Filebeat filestream input rereading rotated log files

Hello!

I'm running into this very common problem of rotated files being reread and resent. I'm using Filebeat 8.1.0 with the new(ish) filestream input plugin. I've read the docs of the plugin and the article on this specific issue, still I did not manage to fix the problem. I must be misunderstanding one of the many options of the plugin, so here's the relevant part of my Filebeat config:

- type: filestream
  close.on_state_change.renamed: false
  close.on_state_change.removed: false
  clean_removed: false
  close.on_state_change.inactive: 20m
  ignore_older: 72h
  clean_inactive: 84h
  paths:
    - ${LOGS_PATH:?LOGS_PATH not set}/ldap/ldap.log*
  fields:
    log_type: ldap
    container_name: ldap

The log files are rotated by Logrotate, the corresponding config is the following:

/opt/project/logs/ldap/ldap.log {
    daily
    maxsize 34M
    missingok
    rotate 30
    nocompress
    nocreate
    notifempty

    sharedscripts
    postrotate
        systemctl kill -s HUP rsyslog.service
    endscript
}

This config rotates files by renaming and not by copying, so it should be fine. (Even checked inode numbers with stat, just to be sure.)
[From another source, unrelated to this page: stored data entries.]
lemma ergodic_var_dist_eventually_le:
  fixes P :: "'a::finite \<Rightarrow> 'a \<Rightarrow> real"
  assumes erg: "ergodic_chain P" and sd: "stationary_dist P \<pi>" and "0 < \<epsilon>"
  shows "\<exists>T. \<forall>t\<ge>T. var_dist (mpow P t x) \<pi> \<le> \<epsilon>"
proof -
  have st: "stochastic P" using erg by (simp add: ergodic_chain_def)
  obtain N where N: "\<And>i j. 0 < mpow P N i j" using ergodic_mpow_pos[OF erg] by blast
  define \<delta> where "\<delta> = Min (range (\<lambda>(i, j). mpow P N i j))"
  have \<delta>_le: "\<delta> \<le> mpow P N i j" for i j
    unfolding \<delta>_def by (rule Min_le) (auto intro: image_eqI[where x = "(i, j)"])
  have "0 < \<delta>" unfolding \<delta>_def using N by (subst Min_gr_iff) auto
  define c where "c = 1 - real CARD('a) * \<delta>"
  have "real CARD('a) * \<delta> = (\<Sum>j\<in>(UNIV :: 'a set). \<delta>)" by simp
  also have "\<dots> \<le> (\<Sum>j\<in>UNIV. mpow P N x j)" by (intro sum_mono \<delta>_le)
  finally have "0 \<le> c" "c < 1" unfolding c_def mpow_row_sum[OF st] using \<open>0 < \<delta>\<close> by auto
  define V where "V t = var_dist (mpow P t x) \<pi>" for t
  have V_geometric: "V (k * N) \<le> c ^ k * V 0" for k
  proof (induction k)
    case 0
    then show ?case by simp
  next
    case (Suc k)
    have "V (k * N + N) \<le> c * V (k * N)"
      unfolding V_def c_def by (rule var_dist_mpow_add_le[OF st sd \<delta>_le])
    also have "\<dots> \<le> c * (c ^ k * V 0)" using Suc \<open>0 \<le> c\<close> by (rule mult_left_mono)
    finally show ?case by (simp add: add.commute)
  qed
  have "(\<lambda>k. c ^ k * V 0) \<longlonglongrightarrow> 0"
    using \<open>0 \<le> c\<close> \<open>c < 1\<close> by (intro tendsto_mult_left_zero LIMSEQ_power_zero) simp
  then have "\<forall>\<^sub>F k in sequentially. c ^ k * V 0 < \<epsilon>"
    using \<open>0 < \<epsilon>\<close> by (rule order_tendstoD(2))
  then obtain k where "c ^ k * V 0 < \<epsilon>"
    unfolding eventually_sequentially by blast
  have "V t \<le> \<epsilon>" if "k * N \<le> t" for t
    using var_dist_mpow_antimono[OF st sd that, of x] V_geometric[of k] \<open>c ^ k * V 0 < \<epsilon>\<close>
    unfolding V_def by linarith
  then show ?thesis unfolding V_def by blast
qed
definition unitary21 :: "complex^3^3 \<Rightarrow> bool" where
  "unitary21 A \<longleftrightarrow> (\<forall>z w. herm (A *v z) (A *v w) = herm z w)"

definition real_vec :: "complex^3 \<Rightarrow> bool" where
  "real_vec r \<longleftrightarrow> (\<forall>i. r$i \<in> \<real>)"

text \<open>The point p lies on the R-circle A(P(V_0 \<inter> R^3)).\<close>
definition on_R_circle :: "complex^3^3 \<Rightarrow> complex^3 \<Rightarrow> bool" where
  "on_R_circle A p \<longleftrightarrow> unitary21 A \<and>
     (\<exists>r. real_vec r \<and> null_vec r \<and> same_point (A *v r) p)"

definition concyclic_R :: "complex^3 \<Rightarrow> complex^3 \<Rightarrow> complex^3 \<Rightarrow> complex^3 \<Rightarrow> bool" where
  "concyclic_R p1 p2 p3 p4 \<longleftrightarrow>
     (\<exists>A. on_R_circle A p1 \<and> on_R_circle A p2 \<and> on_R_circle A p3 \<and> on_R_circle A p4)"

text \<open>Angular parametrisation of the standard R-circle P(V_0 \<inter> R^3):
  theta in [0, 2pi) maps bijectively onto it (a homeomorphism of the circle R/2piZ).\<close>
definition std_R_pt :: "real \<Rightarrow> complex^3" where
  "std_R_pt t = (\<chi> i. if i = 1 then complex_of_real (1 + cos t)
                      else if i = 2 then complex_of_real (sin t)
                      else complex_of_real (- (1 - cos t) / 2))"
So, can anyone help me out here? :slight_smile: I can provide further info if needed.

(Filebeat is running in a custom Docker container, but I don't think it's relevant in this case.)

Did some further digging. On the previous version of this system/project the issue is not present. I was using Filebeat 6.4.2 with the following log input configuration:

- type: log
  close_renamed: false
  close_removed: false
  clean_removed: false
  close_inactive: 20m
  ignore_older: 72h
  clean_inactive: 84h
  close_timeout: 96h
  paths:
    - ${LOGS_PATH:?LOGS_PATH not set}/ldap/ldap.log*
  fields:
    log_type: ldap
    container_name: ldap

I must have failed somewhere during the migration to filestream, not sure where however. The only real change (well, apart from the input change) is the removal of close_timeout (currently close.reader.after_interval, I believe), but I did that on purpose, and I don't think it can be the cause of my issues.

Hi!

Took a more serious look into the issue as our "live" system is sadly quite efficient at reproducing it. In fact much more so than I'm, but after some struggling I think I managed to put together a POC that's consistent at triggering the issue.

filebeat.yml:

filebeat.inputs:
  - type: filestream
    paths:
      - /tmp/mock.log*

output.file:
  path: "/tmp/filebeat"
  filename: filebeat

logrotate.conf:

su root adm

/tmp/mock.log {
    daily
    missingok
    rotate 100
    notifempty
    nocreate
}

Mock service w/ logging and forced rotation:

#!/bin/bash

set -eu

rotations=20
events_per_file=200

for rotation in $(seq -f "%03g" $rotations); do
  for event in $(seq -f "%03g" $events_per_file); do
    echo "event_${rotation}_${event}" >> /tmp/mock.log
    sleep 0.01
  done

  logrotate -f logrotate.conf
  sleep 5
  echo "finished rotation $rotation/$rotations"
done

echo "Emitted $(( $rotations * $events_per_file )) events"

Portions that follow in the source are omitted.